Functional Programming in python
is a bit frowned upon and in general it seems to be preferred to build new columns using iterations using for loops. Nevertheless functions like map, filter and apply exist and I find no problem in using them to a similar extend like I would with R
dot .
and line breaks \
can be used similar to the R pipe operator %>%
There are some implementations for pipes in python
but to me they are really ugly because they require you to put the whole pipe sequence in brackets which kind of breaks up the whole python
coding style which usually avoids having to put matching openeing and closing brackets spanning over multiple lines. However using the .
operator and code line breaks \
signifier we can do something very similar to the pipes in R
.
Let’s string together some commands we find in the pandas
documentation R vs dplyr section.
df_trans = df.loc[ : , ['species', 'sepal_length', 'sepal_width']] \
.query('sepal_length >= 4.7') \
.groupby('species') \
.mean() \
.rename( axis = 'columns'
, mapper = lambda x: 'mean_' + x ) \
.assign( sepal_ratio_of_means = lambda x: x['mean_sepal_length'] / x['mean_sepal_width'] )
df_trans
mean_sepal_length | mean_sepal_width | sepal_ratio_of_means | |
---|---|---|---|
species | |||
setosa | 5.119512 | 3.504878 | 1.460682 |
versicolor | 5.936000 | 2.770000 | 2.142960 |
virginica | 6.588000 | 2.974000 | 2.215198 |
I think this reads really beautifully much better than the awkward pipe operator in R
. There are some setbacks to this approach though.

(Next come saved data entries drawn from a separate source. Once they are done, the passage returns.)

theorem proposition2p5p7:
  fixes sA :: "'k::field_char_0 \<Rightarrow> 'a::ring_1 \<Rightarrow> 'a"
    and sB :: "'k \<Rightarrow> 'b::ring_1 \<Rightarrow> 'b"
    and \<phi> :: "'b \<Rightarrow> 'a"
    and D :: "'a \<Rightarrow> 'a \<Rightarrow> ('a \<times> 'a \<Rightarrow> 'k)"
    and e :: 'b and n :: nat and p q :: "nat \<Rightarrow> 'b"
    and Tr :: "'a \<Rightarrow> 'a"
  assumes "k_algebra sA" and "k_algebra sB" and "k_alg_hom sB sA \<phi>"
    and "double_bracket sA D" and "B_linear_dbr sA \<phi> D"
    and "e * e = e"
    and "(\<Sum>i<n. p i * e * q i) = 1"
    and "\<And>x. Tr x = (\<Sum>i<n. \<phi> (e * q i) * x * \<phi> (p i * e))"
  shows "\<forall>a b. Tr (assoc_bracket sA D a b) = assoc_bracket sA D (Tr a) (Tr b)"
proof -
  interpret double_bracket_algebra sA D \<phi>
    using assms(1,4,5) by unfold_locales
  interpret \<phi>: Vector_Spaces.linear sB sA \<phi>
    using assms(3) by (simp add: k_alg_hom_def)
  have \<phi>_mult: "\<phi> (x * y) = \<phi> x * \<phi> y" and \<phi>_one: "\<phi> 1 = 1" for x y
    using assms(3) by (simp_all add: k_alg_hom_def)
  have "\<phi> (p i * e) * \<phi> (e * q i) = \<phi> (p i * e * q i)" for i
    by (metis assms(6) \<phi>_mult mult.assoc)
  then have "(\<Sum>i<n. \<phi> (p i * e) * \<phi> (e * q i)) = 1"
    by (simp add: \<phi>.sum[symmetric] assms(7) \<phi>_one)
  then show ?thesis
    by (simp add: assms(8) assoc_bracket_conj_sum)
qed

end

- there is no ‘.’ operator that allows you to reference the piped object from within the pipe
- we have to use the full df[‘column’] reference to call a column vector and cannot use the unquoted column name as in
dplyr
- if we want to reference a column that has only been created inside the pipe we need to use a lambda function to reference it or start a new pipe.

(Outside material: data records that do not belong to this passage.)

lemma modp_add_less_top:
  assumes u: "u \<in> borel_measurable (lebesgue_on S)" and v: "v \<in> borel_measurable (lebesgue_on S)"
    and p: "1 \<le> p" and "modp p S u < \<infinity>" "modp p S v < \<infinity>"
  shows "modp p S (\<lambda>x. u x + v x) < \<infinity>"
proof -
  interpret convex_modular "\<lambda>u. u \<in> borel_measurable (lebesgue_on S)" "modp p S"
    using p by (rule convex_modular_modp)
  have "Lp_norm p S (\<lambda>x. u x + v x) \<le> Lp_norm p S u + Lp_norm p S v"
    using gauge_triangle[OF u v] u v p by (simp add: gauge_modp)
  also have "\<dots> < \<infinity>" using assms Lp_norm_less_top_iff[of p S u] Lp_norm_less_top_iff[of p S v] by simp
  finally show ?thesis using Lp_norm_less_top_iff by blast
qed

lemma loc_Lp_iff_modp:
  "loc_Lp p \<Omega> u \<longleftrightarrow> u \<in> borel_measurable (lebesgue_on \<Omega>) \<and> (\<forall>K. compact K \<and> K \<subseteq> \<Omega> \<longrightarrow> modp p K u < \<infinity>)"
  by (simp add: loc_Lp_def modp_def)

lemma loc_Lp_measurable_on_compact:
  assumes "loc_Lp p \<Omega> u" "K \<subseteq> \<Omega>"
  shows "u \<in> borel_measurable (lebesgue_on K)"
  using assms by (auto simp: loc_Lp_def intro: measurable_restrict_mono)

lemma loc_Lp_cmult: "loc_Lp p \<Omega> u \<Longrightarrow> loc_Lp p \<Omega> (\<lambda>x. c * u x)"
  unfolding loc_Lp_iff_modp
  by (auto simp: modp_cmult loc_Lp_measurable_on_compact loc_Lp_iff_modp ennreal_mult_less_top)

lemma loc_Lp_add:
  assumes u: "loc_Lp p \<Omega> u" and v: "loc_Lp p \<Omega> v" and p: "1 \<le> p"
  shows "loc_Lp p \<Omega> (\<lambda>x. u x + v x)"
  unfolding loc_Lp_iff_modp
proof (intro conjI allI impI)
  show "(\<lambda>x. u x + v x) \<in> borel_measurable (lebesgue_on \<Omega>)"
    using u v by (simp add: loc_Lp_def borel_measurable_add)
  fix K assume "compact K \<and> K \<subseteq> \<Omega>"
  then show "modp p K (\<lambda>x. u x + v x) < \<infinity>"
    using u v p by (intro modp_add_less_top loc_Lp_measurable_on_compact) (auto simp: loc_Lp_iff_modp)
qed

lemma loc_Lp_imp_loc_integrable:
  assumes u: "loc_Lp p \<Omega> u" and p: "1 \<le> p"
  shows "loc_integrable \<Omega> u"
  unfolding loc_integrable_def
proof (intro conjI allI impI)
  show "u \<in> borel_measurable (lebesgue_on \<Omega>)" using u by (simp add: loc_Lp_def)
  fix K assume K: "compact K \<and> K \<subseteq> \<Omega>"
  then have uK: "u \<in> borel_measurable (lebesgue_on K)" using u loc_Lp_measurable_on_compact by blast
  have "emeasure lborel K < \<infinity>" using K by (intro emeasure_bounded_finite compact_imp_bounded) auto
  then have "emeasure (lebesgue_on K) K < \<infinity>"
    using K by (simp add: emeasure_restrict_space compact_imp_closed borel_closed)
  have "(\<integral>\<^sup>+ x. ennreal (cmod (u x)) \<partial>lebesgue_on K) \<le> (\<integral>\<^sup>+ x. 1 + ennreal (cmod (u x) powr p) \<partial>lebesgue_on K)"
  proof (intro nn_integral_mono)
    fix x
    have "cmod (u x) \<le> 1 + cmod (u x) powr p"
    proof (cases "cmod (u x) \<le> 1")
      case False
      then have "cmod (u x) powr 1 \<le> cmod (u x) powr p" using p by (intro powr_mono) auto
      then show ?thesis using False by simp
    qed (simp add: add_increasing2)
    then have "ennreal (cmod (u x)) \<le> ennreal (1 + cmod (u x) powr p)" by (rule ennreal_leI)
    then show "ennreal (cmod (u x)) \<le> 1 + ennreal (cmod (u x) powr p)" by (simp add: ennreal_plus)
  qed
  also have "\<dots> = emeasure (lebesgue_on K) (space (lebesgue_on K)) + modp p K u"
    unfolding modp_def using uK by (simp add: nn_integral_add)
  also have "\<dots> < \<infinity>" using u K \<open>emeasure (lebesgue_on K) K < \<infinity>\<close> by (simp add: loc_Lp_iff_modp)
  finally show "integrable (lebesgue_on K) u" by (intro integrableI_bounded uK)
qed

section \<open>The nonlocal modular\<close>

lemma AE_lebesgue_on_Times:
  fixes S :: "'a::euclidean_space set"
  assumes S: "open S" and ae: "AE x in lebesgue_on S. Q x"
  shows "AE z in lebesgue_on (S \<times> S). Q (fst z) \<and> Q (snd z)"
proof -
  have "AE x in lebesgue. x \<in> S \<longrightarrow> Q x"
    using ae S by (simp add: AE_restrict_space_iff borel_open sets_completionI_sets)
  then have "AE x in lborel. x \<in> S \<longrightarrow> Q x" by (simp add: AE_completion_iff)
  then obtain N where N: "{x \<in> space lborel. \<not> (x \<in> S \<longrightarrow> Q x)} \<subseteq> N"
      "emeasure lborel N = 0" "N \<in> sets lborel"
    by (rule AE_E)
  have "N \<times> UNIV \<union> UNIV \<times> N \<in> null_sets (lborel \<Otimes>\<^sub>M (lborel :: 'a measure))"
    using N by (intro null_sets.Un lborel.times_in_null_sets1 lborel.times_in_null_sets2) (auto simp: null_sets_def)
  then have "N \<times> UNIV \<union> UNIV \<times> N \<in> null_sets (lborel :: ('a \<times> 'a) measure)" by (simp only: lborel_prod)
  then have "AE z in (lborel :: ('a \<times> 'a) measure). z \<in> S \<times> S \<longrightarrow> Q (fst z) \<and> Q (snd z)"
    by (rule AE_I') (use N in auto)
  then have "AE z in lebesgue. z \<in> S \<times> S \<longrightarrow> Q (fst z) \<and> Q (snd z)" by (simp add: AE_completion_iff)
  moreover have "S \<times> S \<in> sets lebesgue"
    using S by (intro sets_completionI_sets) (simp add: borel_open open_Times)
  ultimately show ?thesis by (subst AE_restrict_space_iff) auto
qed

locale nonlocal_modular =
  fixes \<Omega> :: "'a::euclidean_space set" and a :: "'a \<Rightarrow> real"
    and \<phi> :: "real \<Rightarrow> 'a \<Rightarrow> 'a \<Rightarrow> real" and pm :: real
  assumes \<Omega>_open: "open \<Omega>"
    and a_measurable: "a \<in> borel_measurable borel"
    and a_nonneg: "\<And>z. a z \<ge> 0"
    and \<phi>_measurable: "\<And>u. loc_integrable \<Omega> u \<Longrightarrow>
       (\<lambda>z. \<phi> (cmod (u (fst z) - u (snd z))) (fst z) (snd z)) \<in> borel_measurable (lebesgue_on (\<Omega> \<times> \<Omega>))"
    and \<phi>_convex: "AE z in lebesgue_on (\<Omega> \<times> \<Omega>). convex_on {0..} (\<lambda>t. \<phi> t (fst z) (snd z)) \<and>
       \<phi> 0 (fst z) (snd z) = 0 \<and> (\<forall>t\<ge>0. 0 \<le> \<phi> t (fst z) (snd z))"
    and pm: "1 \<le> pm"
begin

lemma Ffun_integrand_measurable:
  assumes "loc_Lp pm \<Omega> u"
  shows "(\<lambda>z. ennreal (\<phi> (cmod (u (fst z) - u (snd z))) (fst z) (snd z) * a (fst z - snd z)))
    \<in> borel_measurable (lebesgue_on (\<Omega> \<times> \<Omega>))"
proof -
  have "(\<lambda>z::'a \<times> 'a. fst z - snd z) \<in> borel_measurable (lebesgue_on (\<Omega> \<times> \<Omega>))"
    by (intro continuous_imp_measurable_on_sets_lebesgue continuous_intros sets_completionI_sets)
      (simp add: borel_open open_Times \<Omega>_open)
  then have "(\<lambda>z. a (fst z - snd z)) \<in> borel_measurable (lebesgue_on (\<Omega> \<times> \<Omega>))"
    using a_measurable by (rule measurable_compose)
  moreover have "(\<lambda>z. \<phi> (cmod (u (fst z) - u (snd z))) (fst z) (snd z)) \<in> borel_measurable (lebesgue_on (\<Omega> \<times> \<Omega>))"
    using assms pm by (intro \<phi>_measurable loc_Lp_imp_loc_integrable)
  ultimately show ?thesis by measurable
qed

lemma Ffun_rotation: "cmod \<omega> = 1 \<Longrightarrow> Ffun \<Omega> a \<phi> (\<lambda>x. \<omega> * u x) = Ffun \<Omega> a \<phi> u"
  by (simp add: Ffun_def norm_mult flip: right_diff_distrib)

lemma Ffun_eq_0_if_AE_zero:
  assumes "AE x in lebesgue_on \<Omega>. u x = 0"
  shows "Ffun \<Omega> a \<phi> u = 0"
proof -
  have "AE z in lebesgue_on (\<Omega> \<times> \<Omega>).
      ennreal (\<phi> (cmod (u (fst z) - u (snd z))) (fst z) (snd z) * a (fst z - snd z)) = 0"
    using AE_lebesgue_on_Times[OF \<Omega>_open assms] \<phi>_convex by eventually_elim simp
  then show ?thesis unfolding Ffun_def by (simp add: nn_integral_0_iff_AE[symmetric] cong: nn_integral_cong_AE)
qed

lemma Ffun_convex:
  assumes U: "loc_Lp pm \<Omega> U" and V: "loc_Lp pm \<Omega> V" and \<theta>: "0 \<le> \<theta>" "\<theta> \<le> 1"
  shows "Ffun \<Omega> a \<phi> (\<lambda>x. of_real \<theta> * U x + of_real (1 - \<theta>) * V x)
      \<le> ennreal \<theta> * Ffun \<Omega> a \<phi> U + ennreal (1 - \<theta>) * Ffun \<Omega> a \<phi> V"
proof -
  let ?W = "\<lambda>x. of_real \<theta> * U x + of_real (1 - \<theta>) * V x"
  let ?f = "\<lambda>w z. ennreal (\<phi> (cmod (w (fst z) - w (snd z))) (fst z) (snd z) * a (fst z - snd z))"
  have "AE z in lebesgue_on (\<Omega> \<times> \<Omega>). ?f ?W z \<le> ennreal \<theta> * ?f U z + ennreal (1 - \<theta>) * ?f V z"
    using \<phi>_convex
  proof eventually_elim
    case (elim z)
    define f where "f = (\<lambda>t. \<phi> t (fst z) (snd z))"
    define A where "A = a (fst z - snd z)"
    define \<alpha> where "\<alpha> = cmod (U (fst z) - U (snd z))"
    define \<gamma> where "\<gamma> = cmod (V (fst z) - V (snd z))"
    have f: "convex_on {0..} f" "f 0 = 0" "\<And>t. 0 \<le> t \<Longrightarrow> 0 \<le> f t" using elim by (auto simp: f_def)
    have A: "0 \<le> A" by (simp add: A_def a_nonneg)
    have "?W (fst z) - ?W (snd z)
        = of_real \<theta> * (U (fst z) - U (snd z)) + of_real (1 - \<theta>) * (V (fst z) - V (snd z))"
      by (simp add: algebra_simps)
    then have "f (cmod (?W (fst z) - ?W (snd z))) \<le> \<theta> * f \<alpha> + (1 - \<theta>) * f \<gamma>"
      unfolding \<alpha>_def \<gamma>_def by (simp only: convex_on_nonneg_norm_combination[OF f \<theta>])
    then have "f (cmod (?W (fst z) - ?W (snd z))) * A \<le> (\<theta> * f \<alpha> + (1 - \<theta>) * f \<gamma>) * A"
      using A by (rule mult_right_mono)
    then have "ennreal (f (cmod (?W (fst z) - ?W (snd z))) * A) \<le> ennreal (\<theta> * (f \<alpha> * A) + (1 - \<theta>) * (f \<gamma> * A))"
      by (intro ennreal_leI) (simp add: algebra_simps)
    also have "\<dots> = ennreal \<theta> * ennreal (f \<alpha> * A) + ennreal (1 - \<theta>) * ennreal (f \<gamma> * A)"
      using \<theta> A f(3)[of \<alpha>] f(3)[of \<gamma>] by (simp add: \<alpha>_def \<gamma>_def ennreal_plus ennreal_mult)
    finally show ?case unfolding f_def A_def \<alpha>_def \<gamma>_def .
  qed
  then have "Ffun \<Omega> a \<phi> ?W \<le> (\<integral>\<^sup>+ z. ennreal \<theta> * ?f U z + ennreal (1 - \<theta>) * ?f V z \<partial>lebesgue_on (\<Omega> \<times> \<Omega>))"
    unfolding Ffun_def by (rule nn_integral_mono_AE)
  also have "\<dots> = ennreal \<theta> * Ffun \<Omega> a \<phi> U + ennreal (1 - \<theta>) * Ffun \<Omega> a \<phi> V"
    unfolding Ffun_def using Ffun_integrand_measurable[OF U] Ffun_integrand_measurable[OF V]
    by (simp add: nn_integral_add nn_integral_cmult)
  finally show ?thesis .
qed

lemma convex_modular_Ffun: "convex_modular (loc_Lp pm \<Omega>) (Ffun \<Omega> a \<phi>)"
proof
  show "loc_Lp pm \<Omega> (\<lambda>_. 0)" by (simp add: loc_Lp_def)
  show "loc_Lp pm \<Omega> (\<lambda>x. c * w x)" if "loc_Lp pm \<Omega> w" for w c using that by (rule loc_Lp_cmult)
  show "Ffun \<Omega> a \<phi> (\<lambda>_. 0) = 0" by (simp add: Ffun_eq_0_if_AE_zero)
  show "Ffun \<Omega> a \<phi> (\<lambda>x. \<omega> * w x) = Ffun \<Omega> a \<phi> w" if "cmod \<omega> = 1" for w \<omega>
    using that by (rule Ffun_rotation)
qed (rule Ffun_convex)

Using multiple columns to calculate a new one
Using vectorized calculations
df_trans = df \
.assign( petal_ratio = df['petal_width'] / df['petal_length']
, sepal_ratio = df['sepal_width'] / df['petal_length']
) \
.assign( overall_ratio = lambda x: x['petal_ratio'] / x['sepal_ratio'] )
df_trans.head()
species | sepal_length | sepal_width | petal_length | petal_width | ID | petal_ratio | sepal_ratio | overall_ratio | |
---|---|---|---|---|---|---|---|---|---|
0 | setosa | 5.1 | 3.5 | 1.4 | 0.2 | 0 | 0.142857 | 2.500000 | 0.057143 |
1 | setosa | 4.9 | 3.0 | 1.4 | 0.2 | 1 | 0.142857 | 2.142857 | 0.066667 |
2 | setosa | 4.7 | 3.2 | 1.3 | 0.2 | 2 | 0.153846 | 2.461538 | 0.062500 |
3 | setosa | 4.6 | 3.1 | 1.5 | 0.2 | 3 | 0.133333 | 2.066667 | 0.064516 |
4 | setosa | 5.0 | 3.6 | 1.4 | 0.2 | 4 | 0.142857 | 2.571429 | 0.055556 |
Using none-vectorized calculations
These would be cases in which we would use either map()
or pmap()
from the purrr
package.
single column
We select the Series we want to transform and use the apply()
method.
def range_sepal_length(x):
if x > 5:
return 'high'
elif x > 4.6:
return 'medium'
else:
return 'low'
df_trans = df \
.assign( sepal_length_ranges = df['sepal_length'].apply(range_sepal_length) )
df_trans.head()
species | sepal_length | sepal_width | petal_length | petal_width | ID | sepal_length_ranges | |
---|---|---|---|---|---|---|---|
0 | setosa | 5.1 | 3.5 | 1.4 | 0.2 | 0 | high |
1 | setosa | 4.9 | 3.0 | 1.4 | 0.2 | 1 | medium |
2 | setosa | 4.7 | 3.2 | 1.3 | 0.2 | 2 | medium |
3 | setosa | 4.6 | 3.1 | 1.5 | 0.2 | 3 | low |
4 | setosa | 5.0 | 3.6 | 1.4 | 0.2 | 4 | medium |
multiple columns
We select from the dataframe only the columns that we want to use as arguments to our function call. We use apply()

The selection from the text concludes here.